Trends Affecting the Biomedical Industry

Clearly the biomedical industry must play a role in every stage of the process that leads to an effective response to an emergent threat. Perhaps less understood is the importance of the collaboration among the biomedical industry, academic scientists, and research physicians. These communities are intimately coupled and mutually dependent. Neither can succeed without the other. A strong productive partnership among all the relevant communities, the industry, regulatory bodies, and the government is an essential requirement to mount an effective response to an emergent threat. Trends that adversely affect one member of this coalition often affect the others.

The Decline in the Biomedical Industry

The decline in the productivity of the drug discovery and development industry (including vaccines) has been well documented and is the factor underlying all of the other trends. As late as 1965, it is estimated that for every billion dollars invested in R&D, 35 or so new drugs reached the market. Today a billion dollar investment might yield 0.2 to 0.4 new drugs.3 Many factors have contributed to this decline. The virtual eradication of infectious diseases as a cause of mortality in the developed world and the more effective management of other acute or semi-chronic illnesses, while great triumphs for modern medicine, have meant that the low-hanging fruit has largely been harvested, and the chronic degenerative diseases that are the main foci of the current industry are intrinsically more challenging. They are all typically multifactorial, with complex patterns of transcriptome and proteome changes, some of which are primary while others are secondary. Animal models of chronic diseases are far less comparable to human diseases, and a positive result in animal models of chronic disease is far less predictive of success than for an acute illness. Clinical trials for chronic diseases, by definition, are much longer, much larger, much more costly, and much more likely to fail because of unforeseen flaws in the design of the trials than acute trials. Regulatory requirements, which have grown more stringent across the board, are dramatically more demanding for drugs to treat chronic diseases. The trend toward requiring ever more data culminating in the demand for studies on clinical outcomes and comparative effectiveness has increased the cost of development for some indications to such an extent that some companies are no longer pursuing some major disease areas.

While it could be argued that many of the factors contributing to the decline of the productivity of the industry are products of success or imposed by regulators, a central cause, the failure of the industry to invest effectively in disruptive but more efficient technologies for drug discovery and development, is the central failure of the industry. Again, there are many mitigating factors, but no industry prospers if it does not create and embrace new technologies that enhance productivity enough to be considered disruptive. Although monoclonal antibody technology and genetically engineered proteins (biologics) initially developed by biotechnology companies have dramatically improved therapy for a number of diseases, small molecule drug discovery remains the main engine for drug discovery.
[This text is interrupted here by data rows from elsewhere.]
lemma gl_step_singleton_rules_jump:
  assumes "x \<noteq> []" "x \<in> lists Sig" "y \<in> lists Sig" "set y \<inter> lsig R p = {}"
  shows "gl_step Sig (singleton_rules R) (y, p, x) (y @ x, p, [])"
  using assms by (intro gl_step_jumpI) (auto simp: no_factor_gsig_singleton_rules)

lemma gl_step_singleton_rulesE:
  assumes "gl_step Sig (singleton_rules R) c c'"
  obtains (delete) q a p t u v where "(q, a, p) \<in> R" "t \<in> lists Sig" "u \<in> lists Sig" "v \<in> lists Sig"
      "set u \<inter> lsig R p = {}" "c = (v @ a # u, p, t)" "c' = (v, q, u @ t)"
    | (jump) p x y where "x \<noteq> []" "x \<in> lists Sig" "y \<in> lists Sig" "set y \<inter> lsig R p = {}"
      "c = (y, p, x)" "c' = (y @ x, p, [])"
  using assms
proof (cases rule: gl_stepE)
  case (delete q x p t u v)
  then obtain a where "x = [a]" "(q, a, p) \<in> R" unfolding in_singleton_rules_iff by blast
  then show thesis using that(1) delete by (simp add: no_factor_gsig_singleton_rules)
qed (use that(2) in \<open>simp add: no_factor_gsig_singleton_rules\<close>)

lemma lowj_accepts_of_gl_steps:
  assumes "(gl_step Sig (singleton_rules R))\<^sup>*\<^sup>* (l, p, r) ([], qf, [])" "qf \<in> F"
  shows "lowj_accepts Sig F R (r @ l) p"
  using assms(1)
proof (induction "(l, p, r)" arbitrary: l p r rule: converse_rtranclp_induct)
  case base
  show ?case using assms(2) unfolding lowj_accepts_def by auto
next
  case (step c)
  from step.hyps(1) show ?case
  proof (cases rule: gl_step_singleton_rulesE)
    case (delete q a p' t u v)
    then have "lowj_accepts Sig F R ((u @ t) @ v) q" using step.hyps(3) by simp
    moreover have "lowj_step Sig R ((t @ v) @ a # u, p) (u @ t @ v, q)"
      using delete by (intro lowj_stepI) auto
    ultimately show ?thesis using delete by (auto intro: lowj_accepts_step)
  next
    case (jump p' x y)
    then have "lowj_accepts Sig F R (y @ x) p" using step.hyps(3) by simp
    then show ?thesis using jump lowj_accepts_rotate[of y R p x Sig F] by simp
  qed
qed

lemma gl_step_singleton_rules_of_lowj_step_readable:
  assumes "(q, a, p) \<in> R" "X \<in> lists Sig" "set X \<inter> lsig R p = {}" "r @ l = Y @ a # X"
    "set l \<inter> lsig R p \<noteq> {}" "l \<in> lists Sig" "r \<in> lists Sig"
  obtains v where "gl_step Sig (singleton_rules R) (l, p, r) (v, q, X @ r)" "Y = r @ v" "v \<in> lists Sig"
proof -
  have "\<not> (\<exists>us. X = us @ l)" using assms(3,5) by auto
  then obtain v where v: "l = v @ a # X" "Y = r @ v"
    using append_eq_append_Cons_cases[OF assms(4)] by blast
  then have "v \<in> lists Sig" using assms(6) by simp
  moreover have "gl_step Sig (singleton_rules R) (l, p, r) (v, q, X @ r)"
    unfolding v(1) using assms(1,7,2) \<open>v \<in> lists Sig\<close> assms(3) by (rule gl_step_singleton_rules_delete)
  ultimately show thesis using that v(2) by blast
qed

lemma gl_steps_singleton_rules_of_lowj_step:
  assumes "lowj_step Sig R (r @ l, p) (w', q)" "l \<in> lists Sig" "r \<in> lists Sig"
  obtains l' r' where "(gl_step Sig (singleton_rules R))\<^sup>*\<^sup>* (l, p, r) (l', q, r')"
    "w' = r' @ l'" "l' \<in> lists Sig" "r' \<in> lists Sig"
proof (cases "set l \<inter> lsig R p = {}")
  case False
  from assms(1) obtain a X Y where st: "(q, a, p) \<in> R" "X \<in> lists Sig" "set X \<inter> lsig R p = {}"
    "r @ l = Y @ a # X" "w' = X @ Y"
    by (rule lowj_stepE)
  obtain v where "gl_step Sig (singleton_rules R) (l, p, r) (v, q, X @ r)" "Y = r @ v" "v \<in> lists Sig"
    by (rule gl_step_singleton_rules_of_lowj_step_readable[OF st(1-4) False assms(2,3)])
  then show thesis
    using st(2,5) assms(3) by (intro that[of v "X @ r"]) auto
next
  case True
  from assms(1) obtain a X Y where st: "(q, a, p) \<in> R" "r @ l = Y @ a # X"
    by (rule lowj_stepE)
  have "a \<notin> set l" using True in_lsigI[OF st(1)] by blast
  then have "r \<noteq> []" using st(2) by (cases r) auto
  then have jump: "gl_step Sig (singleton_rules R) (l, p, r) (l @ r, p, [])"
    using assms(3,2) True by (rule gl_step_singleton_rules_jump)
  have "lowj_step Sig R (l @ r, p) (w', q)"
    using assms(1) lowj_step_rotate[OF True assms(3,2)] by blast
  then obtain a' X' Y' where st': "(q, a', p) \<in> R" "X' \<in> lists Sig" "set X' \<inter> lsig R p = {}"
    "[] @ (l @ r) = Y' @ a' # X'" "w' = X' @ Y'"
    by (rule lowj_stepE) simp
  have "a' \<in> set (l @ r)" "a' \<in> lsig R p" using st'(4) in_lsigI[OF st'(1)] by auto
  then have "set (l @ r) \<inter> lsig R p \<noteq> {}" by blast
  then obtain v where "gl_step Sig (singleton_rules R) (l @ r, p, []) (v, q, X' @ [])" "Y' = [] @ v" "v \<in> lists Sig"
    using assms(2,3) by (elim gl_step_singleton_rules_of_lowj_step_readable[OF st'(1-4)]) auto
  then show thesis
    using jump st'(2,5) by (intro that[of v X']) auto
qed

lemma gl_steps_of_lowj_steps:
  assumes "(lowj_step Sig R)\<^sup>*\<^sup>* (r @ l, p) ([], qf)" "l \<in> lists Sig" "r \<in> lists Sig"
  shows "(gl_step Sig (singleton_rules R))\<^sup>*\<^sup>* (l, p, r) ([], qf, [])"
  using assms
proof (induction "r @ l" p arbitrary: l r rule: converse_rtranclp_induct2)
  case refl
  then show ?case by simp
next
  case (step p w' q)
  obtain l' r' where steps: "(gl_step Sig (singleton_rules R))\<^sup>*\<^sup>* (l, p, r) (l', q, r')"
    and rest: "w' = r' @ l'" "l' \<in> lists Sig" "r' \<in> lists Sig"
    by (rule gl_steps_singleton_rules_of_lowj_step[OF step.hyps(1) step.prems])
  show ?case using rtranclp_trans[OF steps step.hyps(3)[OF rest]] .
qed

lemma gl_lang_singleton_rules: "gl_lang Sig Q q0 F (singleton_rules R) = lowj_lang Sig Q q0 F R"
proof (intro set_eqI iffI)
  fix w
  assume "w \<in> gl_lang Sig Q q0 F (singleton_rules R)"
  then obtain qf where "w \<in> lists Sig" "qf \<in> F"
    and steps: "(gl_step Sig (singleton_rules R))\<^sup>*\<^sup>* (w, q0, []) ([], qf, [])"
    unfolding gl_lang_def by blast
  then show "w \<in> lowj_lang Sig Q q0 F R"
    unfolding lowj_lang_iff using lowj_accepts_of_gl_steps[OF steps] by simp
next
  fix w
  assume "w \<in> lowj_lang Sig Q q0 F R"
  then obtain qf where "w \<in> lists Sig" "qf \<in> F" and steps: "(lowj_step Sig R)\<^sup>*\<^sup>* ([] @ w, q0) ([], qf)"
    unfolding lowj_lang_def by auto
  then show "w \<in> gl_lang Sig Q q0 F (singleton_rules R)"
    unfolding gl_lang_def using gl_steps_of_lowj_steps[OF steps] by blast
qed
Despite improvements in many elements of small molecule drug discovery and development, the adage “change a methyl, change the drug” remains as true today as ever. This stems from the fact that small molecule drugs are relatively “low information” content molecules compared to proteins or nucleic acids, and the biochemical interactions that may affect drug behavior are numerous and still poorly understood. The net effect of this is that there is relatively little opportunity to apply learning from one small molecule drug to another—in effect, little opportunity to learn from our mistakes.

For planning purposes then, it is important to accept that the decline in productivity is likely to continue. Consequently, the industry is no longer the vibrant industry it once was, despite the emergence of biotechnology. This has led to price increases, mergers, the exporting offshore of control of many US companies, and progressively less risk tolerance. Equally important, fewer and fewer companies have the financial wherewithal to pursue a broad therapeutic agenda. Thus, many companies have exited hugely important therapeutic areas, such as diabetes and cardiovascular disease, and most of these companies exited infectious disease some time ago. Today, this means that the bandwidth to respond to surprise events is simply not there. Collectively, these trends, reinforced by the short-term horizons of Wall Street, have created a risk-averse industry that is dominated by timid incrementalism rather than bold pursuit of disruptive technologies and innovative new therapeutic strategies.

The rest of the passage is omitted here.